• [Problem to work on]:
The records sit below. Return every line in them that holds the word "finally".

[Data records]

=-=-=

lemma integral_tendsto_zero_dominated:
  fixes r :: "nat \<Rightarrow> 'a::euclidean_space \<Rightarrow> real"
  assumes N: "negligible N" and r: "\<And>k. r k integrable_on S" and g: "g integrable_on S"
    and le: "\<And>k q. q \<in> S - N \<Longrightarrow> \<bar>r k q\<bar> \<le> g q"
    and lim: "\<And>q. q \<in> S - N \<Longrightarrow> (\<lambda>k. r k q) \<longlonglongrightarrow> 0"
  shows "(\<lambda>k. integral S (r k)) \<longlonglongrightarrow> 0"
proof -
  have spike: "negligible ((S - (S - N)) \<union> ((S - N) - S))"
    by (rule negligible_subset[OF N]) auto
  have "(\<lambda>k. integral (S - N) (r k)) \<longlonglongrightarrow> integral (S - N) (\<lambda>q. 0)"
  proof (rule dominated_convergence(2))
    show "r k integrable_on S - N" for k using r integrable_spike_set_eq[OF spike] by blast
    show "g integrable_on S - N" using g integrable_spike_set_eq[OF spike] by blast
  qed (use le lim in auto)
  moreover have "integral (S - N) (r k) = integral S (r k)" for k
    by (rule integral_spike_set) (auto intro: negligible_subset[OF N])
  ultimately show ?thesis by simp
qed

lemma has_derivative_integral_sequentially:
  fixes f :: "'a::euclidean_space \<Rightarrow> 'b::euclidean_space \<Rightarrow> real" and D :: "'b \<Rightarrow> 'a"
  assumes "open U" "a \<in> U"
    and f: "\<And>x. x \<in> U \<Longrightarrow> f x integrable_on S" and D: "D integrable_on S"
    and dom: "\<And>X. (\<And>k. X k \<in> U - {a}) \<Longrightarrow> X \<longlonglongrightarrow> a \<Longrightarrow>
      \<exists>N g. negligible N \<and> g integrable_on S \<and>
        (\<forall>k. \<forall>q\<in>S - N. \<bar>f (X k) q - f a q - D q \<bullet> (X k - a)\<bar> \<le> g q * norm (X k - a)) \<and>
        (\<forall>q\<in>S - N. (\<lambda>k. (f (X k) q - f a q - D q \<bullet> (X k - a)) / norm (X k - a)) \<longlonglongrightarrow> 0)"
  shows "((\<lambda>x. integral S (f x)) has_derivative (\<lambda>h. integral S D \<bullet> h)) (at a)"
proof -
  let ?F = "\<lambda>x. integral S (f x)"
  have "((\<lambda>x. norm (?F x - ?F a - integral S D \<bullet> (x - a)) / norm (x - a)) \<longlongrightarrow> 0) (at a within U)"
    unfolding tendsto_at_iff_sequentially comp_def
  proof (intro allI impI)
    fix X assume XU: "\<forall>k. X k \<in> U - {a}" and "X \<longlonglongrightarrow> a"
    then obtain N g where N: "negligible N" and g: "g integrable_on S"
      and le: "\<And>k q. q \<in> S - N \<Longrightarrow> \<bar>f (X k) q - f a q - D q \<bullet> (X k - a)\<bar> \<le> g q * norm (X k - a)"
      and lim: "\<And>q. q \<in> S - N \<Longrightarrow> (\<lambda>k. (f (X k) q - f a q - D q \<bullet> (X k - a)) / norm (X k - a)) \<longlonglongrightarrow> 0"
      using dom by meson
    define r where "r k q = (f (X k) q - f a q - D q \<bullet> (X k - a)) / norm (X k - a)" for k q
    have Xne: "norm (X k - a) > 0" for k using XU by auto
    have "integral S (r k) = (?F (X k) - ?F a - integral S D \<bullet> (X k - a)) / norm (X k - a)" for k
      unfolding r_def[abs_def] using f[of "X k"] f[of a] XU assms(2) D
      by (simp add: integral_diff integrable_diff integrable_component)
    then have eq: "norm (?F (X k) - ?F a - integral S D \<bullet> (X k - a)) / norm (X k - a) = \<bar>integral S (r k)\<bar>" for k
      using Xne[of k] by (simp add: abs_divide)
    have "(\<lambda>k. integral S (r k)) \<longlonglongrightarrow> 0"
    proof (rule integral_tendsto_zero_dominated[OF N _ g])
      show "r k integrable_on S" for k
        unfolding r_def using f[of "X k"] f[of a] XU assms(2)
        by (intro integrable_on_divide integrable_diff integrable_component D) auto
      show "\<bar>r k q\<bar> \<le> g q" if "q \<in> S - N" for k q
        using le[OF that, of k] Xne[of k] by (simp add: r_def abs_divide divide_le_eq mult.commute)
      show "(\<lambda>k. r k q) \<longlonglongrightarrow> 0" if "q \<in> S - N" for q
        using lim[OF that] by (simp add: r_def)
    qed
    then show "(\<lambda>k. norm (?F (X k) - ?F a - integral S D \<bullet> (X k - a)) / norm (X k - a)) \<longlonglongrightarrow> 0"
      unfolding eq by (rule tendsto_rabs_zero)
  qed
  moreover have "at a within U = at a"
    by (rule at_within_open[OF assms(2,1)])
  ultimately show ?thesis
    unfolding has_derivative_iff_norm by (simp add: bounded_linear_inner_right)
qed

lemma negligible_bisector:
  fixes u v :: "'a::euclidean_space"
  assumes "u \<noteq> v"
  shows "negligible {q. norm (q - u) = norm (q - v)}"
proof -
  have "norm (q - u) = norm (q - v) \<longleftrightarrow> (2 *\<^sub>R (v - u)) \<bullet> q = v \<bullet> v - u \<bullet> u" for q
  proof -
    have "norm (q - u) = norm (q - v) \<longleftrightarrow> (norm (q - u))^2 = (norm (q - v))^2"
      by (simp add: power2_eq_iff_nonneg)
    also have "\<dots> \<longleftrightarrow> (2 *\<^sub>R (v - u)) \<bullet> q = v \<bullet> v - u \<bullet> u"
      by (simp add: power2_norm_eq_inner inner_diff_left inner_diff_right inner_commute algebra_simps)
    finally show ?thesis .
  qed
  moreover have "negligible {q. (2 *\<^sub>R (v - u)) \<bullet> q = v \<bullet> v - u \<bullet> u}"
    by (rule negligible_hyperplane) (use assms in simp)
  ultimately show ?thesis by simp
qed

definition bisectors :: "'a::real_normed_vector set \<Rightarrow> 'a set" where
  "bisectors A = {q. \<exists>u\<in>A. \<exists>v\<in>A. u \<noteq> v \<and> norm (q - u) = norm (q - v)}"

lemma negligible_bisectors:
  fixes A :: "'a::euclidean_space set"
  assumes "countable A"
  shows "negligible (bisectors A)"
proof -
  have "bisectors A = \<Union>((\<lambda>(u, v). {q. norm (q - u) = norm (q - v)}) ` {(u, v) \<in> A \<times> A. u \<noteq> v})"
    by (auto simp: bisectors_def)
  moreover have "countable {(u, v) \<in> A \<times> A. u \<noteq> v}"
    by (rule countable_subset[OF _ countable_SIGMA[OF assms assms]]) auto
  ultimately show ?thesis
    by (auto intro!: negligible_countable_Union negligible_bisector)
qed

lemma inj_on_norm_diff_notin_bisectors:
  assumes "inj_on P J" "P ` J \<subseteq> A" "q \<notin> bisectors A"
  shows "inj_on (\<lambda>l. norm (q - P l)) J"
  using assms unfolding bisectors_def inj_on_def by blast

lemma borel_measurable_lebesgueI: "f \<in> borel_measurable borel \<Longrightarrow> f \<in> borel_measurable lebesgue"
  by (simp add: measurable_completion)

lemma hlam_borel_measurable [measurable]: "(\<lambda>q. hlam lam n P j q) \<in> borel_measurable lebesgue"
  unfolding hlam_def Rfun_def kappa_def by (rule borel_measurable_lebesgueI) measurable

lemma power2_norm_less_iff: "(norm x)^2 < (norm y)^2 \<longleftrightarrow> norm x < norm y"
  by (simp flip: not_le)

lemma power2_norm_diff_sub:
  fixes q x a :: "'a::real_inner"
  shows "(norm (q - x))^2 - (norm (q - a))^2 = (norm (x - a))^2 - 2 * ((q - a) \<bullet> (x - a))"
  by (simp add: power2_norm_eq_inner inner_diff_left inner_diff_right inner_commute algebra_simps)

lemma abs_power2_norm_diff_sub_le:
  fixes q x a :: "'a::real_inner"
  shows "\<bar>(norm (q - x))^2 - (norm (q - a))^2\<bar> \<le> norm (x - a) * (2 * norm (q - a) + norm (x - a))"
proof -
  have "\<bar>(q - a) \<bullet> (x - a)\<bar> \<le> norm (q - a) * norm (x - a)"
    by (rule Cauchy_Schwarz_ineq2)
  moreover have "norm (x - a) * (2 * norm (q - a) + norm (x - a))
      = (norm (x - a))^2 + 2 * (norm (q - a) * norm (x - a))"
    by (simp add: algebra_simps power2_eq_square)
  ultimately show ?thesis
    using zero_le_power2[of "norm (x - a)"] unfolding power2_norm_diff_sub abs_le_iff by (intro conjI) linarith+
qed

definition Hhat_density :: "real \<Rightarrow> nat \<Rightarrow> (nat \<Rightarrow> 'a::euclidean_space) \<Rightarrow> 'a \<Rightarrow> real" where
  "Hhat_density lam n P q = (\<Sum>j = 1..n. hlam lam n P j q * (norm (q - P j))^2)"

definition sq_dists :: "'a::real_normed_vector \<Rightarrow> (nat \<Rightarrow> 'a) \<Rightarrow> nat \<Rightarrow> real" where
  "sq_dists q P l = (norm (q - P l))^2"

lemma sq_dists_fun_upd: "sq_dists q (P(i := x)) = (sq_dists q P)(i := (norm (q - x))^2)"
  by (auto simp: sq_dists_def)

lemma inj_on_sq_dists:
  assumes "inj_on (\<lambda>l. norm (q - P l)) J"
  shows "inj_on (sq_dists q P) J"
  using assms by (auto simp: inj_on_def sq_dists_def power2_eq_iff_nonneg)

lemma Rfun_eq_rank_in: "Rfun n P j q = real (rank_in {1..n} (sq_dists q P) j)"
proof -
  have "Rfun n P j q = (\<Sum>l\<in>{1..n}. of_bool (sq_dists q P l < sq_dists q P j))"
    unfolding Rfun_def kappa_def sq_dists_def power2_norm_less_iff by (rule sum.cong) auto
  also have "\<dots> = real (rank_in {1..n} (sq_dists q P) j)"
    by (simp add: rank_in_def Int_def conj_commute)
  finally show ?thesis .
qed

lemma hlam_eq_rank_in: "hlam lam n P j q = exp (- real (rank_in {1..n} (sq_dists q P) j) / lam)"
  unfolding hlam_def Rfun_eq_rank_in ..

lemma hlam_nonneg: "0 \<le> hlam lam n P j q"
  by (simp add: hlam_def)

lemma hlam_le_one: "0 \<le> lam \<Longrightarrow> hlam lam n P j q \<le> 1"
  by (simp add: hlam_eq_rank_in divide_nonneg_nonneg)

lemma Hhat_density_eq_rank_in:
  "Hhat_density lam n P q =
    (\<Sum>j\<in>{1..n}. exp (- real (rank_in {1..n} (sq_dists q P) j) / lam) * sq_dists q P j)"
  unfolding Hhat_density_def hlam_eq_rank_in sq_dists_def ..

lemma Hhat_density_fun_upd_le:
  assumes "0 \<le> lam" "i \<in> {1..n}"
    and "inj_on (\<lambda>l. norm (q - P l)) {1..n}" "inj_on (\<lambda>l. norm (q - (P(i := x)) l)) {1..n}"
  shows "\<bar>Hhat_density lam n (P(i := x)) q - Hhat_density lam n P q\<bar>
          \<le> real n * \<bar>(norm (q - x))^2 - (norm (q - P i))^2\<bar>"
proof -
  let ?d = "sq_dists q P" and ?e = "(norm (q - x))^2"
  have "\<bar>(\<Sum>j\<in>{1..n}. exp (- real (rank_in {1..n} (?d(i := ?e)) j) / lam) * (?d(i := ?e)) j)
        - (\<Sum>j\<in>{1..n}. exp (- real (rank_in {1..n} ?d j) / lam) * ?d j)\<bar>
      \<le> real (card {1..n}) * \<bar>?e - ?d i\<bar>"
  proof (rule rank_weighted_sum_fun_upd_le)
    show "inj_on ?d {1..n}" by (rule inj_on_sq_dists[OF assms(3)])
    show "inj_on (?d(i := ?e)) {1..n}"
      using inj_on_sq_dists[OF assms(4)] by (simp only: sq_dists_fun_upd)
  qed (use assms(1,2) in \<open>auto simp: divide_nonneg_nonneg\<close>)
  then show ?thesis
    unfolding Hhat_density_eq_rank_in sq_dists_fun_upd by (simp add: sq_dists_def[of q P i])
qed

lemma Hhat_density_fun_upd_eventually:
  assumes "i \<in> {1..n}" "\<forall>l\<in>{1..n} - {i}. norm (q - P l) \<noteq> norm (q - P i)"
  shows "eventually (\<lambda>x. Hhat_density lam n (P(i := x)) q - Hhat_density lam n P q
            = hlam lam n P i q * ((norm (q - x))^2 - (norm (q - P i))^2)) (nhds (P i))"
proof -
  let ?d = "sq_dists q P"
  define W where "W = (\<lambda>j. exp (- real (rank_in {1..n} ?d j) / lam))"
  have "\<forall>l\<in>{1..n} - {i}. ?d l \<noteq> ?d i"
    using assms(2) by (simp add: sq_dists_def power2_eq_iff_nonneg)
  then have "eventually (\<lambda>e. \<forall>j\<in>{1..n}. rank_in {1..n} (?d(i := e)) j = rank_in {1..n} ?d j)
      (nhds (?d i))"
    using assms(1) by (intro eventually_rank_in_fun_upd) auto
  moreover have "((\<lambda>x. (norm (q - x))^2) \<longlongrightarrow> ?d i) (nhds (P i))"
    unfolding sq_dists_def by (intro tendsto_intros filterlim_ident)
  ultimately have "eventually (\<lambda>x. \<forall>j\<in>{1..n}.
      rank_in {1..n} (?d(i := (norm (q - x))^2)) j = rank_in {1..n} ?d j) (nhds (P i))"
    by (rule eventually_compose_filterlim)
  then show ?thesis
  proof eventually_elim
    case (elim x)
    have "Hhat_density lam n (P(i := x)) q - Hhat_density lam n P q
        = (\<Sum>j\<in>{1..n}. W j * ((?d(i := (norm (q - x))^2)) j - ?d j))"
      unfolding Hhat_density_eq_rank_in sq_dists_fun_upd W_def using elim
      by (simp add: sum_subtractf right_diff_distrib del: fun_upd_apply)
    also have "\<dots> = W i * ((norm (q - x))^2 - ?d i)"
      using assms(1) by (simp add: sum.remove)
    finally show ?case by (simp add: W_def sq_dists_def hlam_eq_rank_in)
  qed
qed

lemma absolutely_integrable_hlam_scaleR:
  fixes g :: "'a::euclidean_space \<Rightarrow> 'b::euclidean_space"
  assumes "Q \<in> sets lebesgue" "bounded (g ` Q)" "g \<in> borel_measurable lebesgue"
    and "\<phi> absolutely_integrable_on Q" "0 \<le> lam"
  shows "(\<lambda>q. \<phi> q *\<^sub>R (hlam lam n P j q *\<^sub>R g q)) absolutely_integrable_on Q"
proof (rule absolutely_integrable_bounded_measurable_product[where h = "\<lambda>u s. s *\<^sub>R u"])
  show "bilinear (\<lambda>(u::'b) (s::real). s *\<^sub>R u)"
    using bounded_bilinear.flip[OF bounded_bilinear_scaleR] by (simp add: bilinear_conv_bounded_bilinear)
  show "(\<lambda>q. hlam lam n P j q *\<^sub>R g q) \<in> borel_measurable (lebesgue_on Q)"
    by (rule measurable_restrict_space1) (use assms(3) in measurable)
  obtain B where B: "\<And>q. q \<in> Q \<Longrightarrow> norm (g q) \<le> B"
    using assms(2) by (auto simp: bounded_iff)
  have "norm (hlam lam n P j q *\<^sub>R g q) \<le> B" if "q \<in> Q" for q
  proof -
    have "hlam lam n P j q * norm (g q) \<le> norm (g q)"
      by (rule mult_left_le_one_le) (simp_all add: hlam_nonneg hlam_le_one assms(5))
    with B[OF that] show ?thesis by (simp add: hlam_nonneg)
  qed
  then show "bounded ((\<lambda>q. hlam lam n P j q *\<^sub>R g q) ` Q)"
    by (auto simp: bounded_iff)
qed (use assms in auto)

=-=-=

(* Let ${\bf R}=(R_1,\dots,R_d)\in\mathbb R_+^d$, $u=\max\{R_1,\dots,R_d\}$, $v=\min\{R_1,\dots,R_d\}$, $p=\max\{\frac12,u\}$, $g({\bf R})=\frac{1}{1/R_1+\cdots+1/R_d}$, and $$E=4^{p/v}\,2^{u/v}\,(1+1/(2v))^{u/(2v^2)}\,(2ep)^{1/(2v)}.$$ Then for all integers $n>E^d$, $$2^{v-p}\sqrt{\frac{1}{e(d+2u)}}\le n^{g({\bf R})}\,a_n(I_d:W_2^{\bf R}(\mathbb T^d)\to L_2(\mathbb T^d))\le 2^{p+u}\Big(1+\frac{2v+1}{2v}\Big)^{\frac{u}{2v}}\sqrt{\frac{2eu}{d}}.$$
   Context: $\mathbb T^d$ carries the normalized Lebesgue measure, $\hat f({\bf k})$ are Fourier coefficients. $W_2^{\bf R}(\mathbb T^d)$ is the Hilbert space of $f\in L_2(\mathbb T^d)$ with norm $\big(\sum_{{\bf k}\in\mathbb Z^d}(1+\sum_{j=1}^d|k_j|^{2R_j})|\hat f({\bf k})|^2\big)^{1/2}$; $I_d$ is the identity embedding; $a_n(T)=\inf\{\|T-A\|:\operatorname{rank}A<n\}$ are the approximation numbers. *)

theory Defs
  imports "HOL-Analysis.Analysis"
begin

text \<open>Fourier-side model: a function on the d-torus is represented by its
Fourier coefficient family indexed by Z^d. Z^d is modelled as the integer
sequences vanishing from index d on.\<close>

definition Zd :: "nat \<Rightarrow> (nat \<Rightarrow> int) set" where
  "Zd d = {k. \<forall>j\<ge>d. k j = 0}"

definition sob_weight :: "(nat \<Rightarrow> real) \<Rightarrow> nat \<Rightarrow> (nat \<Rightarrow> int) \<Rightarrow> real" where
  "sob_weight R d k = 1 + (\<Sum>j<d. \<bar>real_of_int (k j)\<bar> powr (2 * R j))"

=-=-=

• [Your solution]:
    finally show ?thesis .
  finally show ?thesis .
    finally show ?case by (simp add: W_def sq_dists_def hlam_eq_rank_in)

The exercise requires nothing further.